ACTIVITY: Write out all the data again, exactly as shown.

INFORMATION GIVEN:

────────────────

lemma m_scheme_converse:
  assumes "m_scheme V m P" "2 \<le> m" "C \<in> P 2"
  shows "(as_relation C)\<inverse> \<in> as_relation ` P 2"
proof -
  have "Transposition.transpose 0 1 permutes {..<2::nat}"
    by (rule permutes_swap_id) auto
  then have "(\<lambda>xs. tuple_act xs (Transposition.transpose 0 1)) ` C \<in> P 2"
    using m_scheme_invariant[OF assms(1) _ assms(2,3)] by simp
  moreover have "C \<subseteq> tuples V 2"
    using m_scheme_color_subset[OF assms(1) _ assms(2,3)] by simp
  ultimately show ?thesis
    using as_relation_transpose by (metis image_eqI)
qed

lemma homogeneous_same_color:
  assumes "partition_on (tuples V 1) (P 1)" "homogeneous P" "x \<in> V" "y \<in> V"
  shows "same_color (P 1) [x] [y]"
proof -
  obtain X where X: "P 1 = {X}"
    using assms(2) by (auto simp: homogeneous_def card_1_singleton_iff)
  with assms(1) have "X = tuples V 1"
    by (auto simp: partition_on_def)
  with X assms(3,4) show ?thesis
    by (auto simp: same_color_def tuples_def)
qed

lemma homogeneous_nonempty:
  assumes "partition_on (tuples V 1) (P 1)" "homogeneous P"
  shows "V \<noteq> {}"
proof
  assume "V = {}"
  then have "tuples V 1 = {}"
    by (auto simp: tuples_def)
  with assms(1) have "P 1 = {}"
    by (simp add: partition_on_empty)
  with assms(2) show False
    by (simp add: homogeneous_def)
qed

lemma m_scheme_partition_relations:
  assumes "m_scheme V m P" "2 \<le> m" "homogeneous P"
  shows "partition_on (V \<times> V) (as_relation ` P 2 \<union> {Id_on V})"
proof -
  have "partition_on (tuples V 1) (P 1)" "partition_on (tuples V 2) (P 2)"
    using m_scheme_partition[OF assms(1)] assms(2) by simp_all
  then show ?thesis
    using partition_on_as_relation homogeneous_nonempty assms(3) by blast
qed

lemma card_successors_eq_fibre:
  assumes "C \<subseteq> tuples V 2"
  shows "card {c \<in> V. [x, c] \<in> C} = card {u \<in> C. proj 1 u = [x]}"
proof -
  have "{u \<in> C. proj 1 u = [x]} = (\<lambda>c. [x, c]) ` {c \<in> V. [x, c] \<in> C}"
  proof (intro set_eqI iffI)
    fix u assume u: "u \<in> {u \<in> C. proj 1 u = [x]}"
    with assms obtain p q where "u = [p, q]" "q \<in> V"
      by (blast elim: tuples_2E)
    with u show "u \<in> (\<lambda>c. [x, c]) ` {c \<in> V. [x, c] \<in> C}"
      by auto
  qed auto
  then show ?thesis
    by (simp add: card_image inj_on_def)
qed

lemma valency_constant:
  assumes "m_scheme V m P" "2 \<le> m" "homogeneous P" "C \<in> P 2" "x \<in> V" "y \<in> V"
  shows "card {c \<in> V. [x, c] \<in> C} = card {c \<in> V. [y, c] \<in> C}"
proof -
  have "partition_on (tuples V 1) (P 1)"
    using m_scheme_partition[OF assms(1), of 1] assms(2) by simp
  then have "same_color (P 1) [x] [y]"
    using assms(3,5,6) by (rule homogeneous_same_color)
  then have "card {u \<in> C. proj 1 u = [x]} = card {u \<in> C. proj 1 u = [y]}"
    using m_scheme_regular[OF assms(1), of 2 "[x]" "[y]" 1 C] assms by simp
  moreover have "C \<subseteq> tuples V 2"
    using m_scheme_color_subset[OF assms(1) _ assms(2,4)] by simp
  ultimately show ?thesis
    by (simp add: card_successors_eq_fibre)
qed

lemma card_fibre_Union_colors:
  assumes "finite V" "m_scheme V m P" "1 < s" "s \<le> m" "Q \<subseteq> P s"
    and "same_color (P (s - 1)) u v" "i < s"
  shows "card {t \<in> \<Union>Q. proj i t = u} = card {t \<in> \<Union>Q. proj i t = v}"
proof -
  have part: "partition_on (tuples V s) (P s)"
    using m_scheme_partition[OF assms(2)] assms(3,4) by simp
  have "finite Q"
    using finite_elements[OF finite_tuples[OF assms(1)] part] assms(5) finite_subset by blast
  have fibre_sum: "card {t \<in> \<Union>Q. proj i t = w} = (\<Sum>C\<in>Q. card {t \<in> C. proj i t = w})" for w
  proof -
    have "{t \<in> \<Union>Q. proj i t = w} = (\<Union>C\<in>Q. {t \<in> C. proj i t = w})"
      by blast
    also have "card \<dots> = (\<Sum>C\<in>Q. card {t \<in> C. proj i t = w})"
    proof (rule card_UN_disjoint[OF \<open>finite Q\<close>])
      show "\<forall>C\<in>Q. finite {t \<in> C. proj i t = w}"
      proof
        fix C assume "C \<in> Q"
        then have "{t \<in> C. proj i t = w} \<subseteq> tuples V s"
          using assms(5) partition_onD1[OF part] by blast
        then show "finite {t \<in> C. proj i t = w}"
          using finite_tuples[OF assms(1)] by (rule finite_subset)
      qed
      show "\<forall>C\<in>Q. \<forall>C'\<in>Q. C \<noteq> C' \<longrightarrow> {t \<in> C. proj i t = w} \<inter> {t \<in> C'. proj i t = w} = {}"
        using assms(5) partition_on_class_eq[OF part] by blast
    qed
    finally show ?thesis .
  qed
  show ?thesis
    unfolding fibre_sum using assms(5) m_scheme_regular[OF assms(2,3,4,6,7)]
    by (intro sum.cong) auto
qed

────────────────

SOLUTION TO THIS TASK:
lemma m_scheme_converse:
  assumes "m_scheme V m P" "2 \<le> m" "C \<in> P 2"
  shows "(as_relation C)\<inverse> \<in> as_relation ` P 2"
proof -
  have "Transposition.transpose 0 1 permutes {..<2::nat}"
    by (rule permutes_swap_id) auto
  then have "(\<lambda>xs. tuple_act xs (Transposition.transpose 0 1)) ` C \<in> P 2"
    using m_scheme_invariant[OF assms(1) _ assms(2,3)] by simp
  moreover have "C \<subseteq> tuples V 2"
    using m_scheme_color_subset[OF assms(1) _ assms(2,3)] by simp
  ultimately show ?thesis
    using as_relation_transpose by (metis image_eqI)
qed

lemma homogeneous_same_color:
  assumes "partition_on (tuples V 1) (P 1)" "homogeneous P" "x \<in> V" "y \<in> V"
  shows "same_color (P 1) [x] [y]"
proof -
  obtain X where X: "P 1 = {X}"
    using assms(2) by (auto simp: homogeneous_def card_1_singleton_iff)
  with assms(1) have "X = tuples V 1"
    by (auto simp: partition_on_def)
  with X assms(3,4) show ?thesis
    by (auto simp: same_color_def tuples_def)
qed

lemma homogeneous_nonempty:
  assumes "partition_on (tuples V 1) (P 1)" "homogeneous P"
  shows "V \<noteq> {}"
proof
  assume "V = {}"
  then have "tuples V 1 = {}"
    by (auto simp: tuples_def)
  with assms(1) have "P 1 = {}"
    by (simp add: partition_on_empty)
  with assms(2) show False
    by (simp add: homogeneous_def)
qed

lemma m_scheme_partition_relations:
  assumes "m_scheme V m P" "2 \<le> m" "homogeneous P"
  shows "partition_on (V \<times> V) (as_relation ` P 2 \<union> {Id_on V})"
proof -
  have "partition_on (tuples V 1) (P 1)" "partition_on (tuples V 2) (P 2)"
    using m_scheme_partition[OF assms(1)] assms(2) by simp_all
  then show ?thesis
    using partition_on_as_relation homogeneous_nonempty assms(3) by blast
qed

lemma card_successors_eq_fibre:
  assumes "C \<subseteq> tuples V 2"
  shows "card {c \<in> V. [x, c] \<in> C} = card {u \<in> C. proj 1 u = [x]}"
proof -
  have "{u \<in> C. proj 1 u = [x]} = (\<lambda>c. [x, c]) ` {c \<in> V. [x, c] \<in> C}"
  proof (intro set_eqI iffI)
    fix u assume u: "u \<in> {u \<in> C. proj 1 u = [x]}"
    with assms obtain p q where "u = [p, q]" "q \<in> V"
      by (blast elim: tuples_2E)
    with u show "u \<in> (\<lambda>c. [x, c]) ` {c \<in> V. [x, c] \<in> C}"
      by auto
  qed auto
  then show ?thesis
    by (simp add: card_image inj_on_def)
qed

lemma valency_constant:
  assumes "m_scheme V m P" "2 \<le> m" "homogeneous P" "C \<in> P 2" "x \<in> V" "y \<in> V"
  shows "card {c \<in> V. [x, c] \<in> C} = card {c \<in> V. [y, c] \<in> C}"
proof -
  have "partition_on (tuples V 1) (P 1)"
    using m_scheme_partition[OF assms(1), of 1] assms(2) by simp
  then have "same_color (P 1) [x] [y]"
    using assms(3,5,6) by (rule homogeneous_same_color)
  then have "card {u \<in> C. proj 1 u = [x]} = card {u \<in> C. proj 1 u = [y]}"
    using m_scheme_regular[OF assms(1), of 2 "[x]" "[y]" 1 C] assms by simp
  moreover have "C \<subseteq> tuples V 2"
    using m_scheme_color_subset[OF assms(1) _ assms(2,4)] by simp
  ultimately show ?thesis
    by (simp add: card_successors_eq_fibre)
qed

lemma card_fibre_Union_colors:
  assumes "finite V" "m_scheme V m P" "1 < s" "s \<le> m" "Q \<subseteq> P s"
    and "same_color (P (s - 1)) u v" "i < s"
  shows "card {t \<in> \<Union>Q. proj i t = u} = card {t \<in> \<Union>Q. proj i t = v}"
proof -
  have part: "partition_on (tuples V s) (P s)"
    using m_scheme_partition[OF assms(2)] assms(3,4) by simp
  have "finite Q"
    using finite_elements[OF finite_tuples[OF assms(1)] part] assms(5) finite_subset by blast
  have fibre_sum: "card {t \<in> \<Union>Q. proj i t = w} = (\<Sum>C\<in>Q. card {t \<in> C. proj i t = w})" for w
  proof -
    have "{t \<in> \<Union>Q. proj i t = w} = (\<Union>C\<in>Q. {t \<in> C. proj i t = w})"
      by blast
    also have "card \<dots> = (\<Sum>C\<in>Q. card {t \<in> C. proj i t = w})"
    proof (rule card_UN_disjoint[OF \<open>finite Q\<close>])
      show "\<forall>C\<in>Q. finite {t \<in> C. proj i t = w}"
      proof
        fix C assume "C \<in> Q"
        then have "{t \<in> C. proj i t = w} \<subseteq> tuples V s"
          using assms(5) partition_onD1[OF part] by blast
        then show "finite {t \<in> C. proj i t = w}"
          using finite_tuples[OF assms(1)] by (rule finite_subset)
      qed
      show "\<forall>C\<in>Q. \<forall>C'\<in>Q. C \<noteq> C' \<longrightarrow> {t \<in> C. proj i t = w} \<inter> {t \<in> C'. proj i t = w} = {}"
        using assms(5) partition_on_class_eq[OF part] by blast
    qed
    finally show ?thesis .
  qed
  show ?thesis
    unfolding fibre_sum using assms(5) m_scheme_regular[OF assms(2,3,4,6,7)]
    by (intro sum.cong) auto
qed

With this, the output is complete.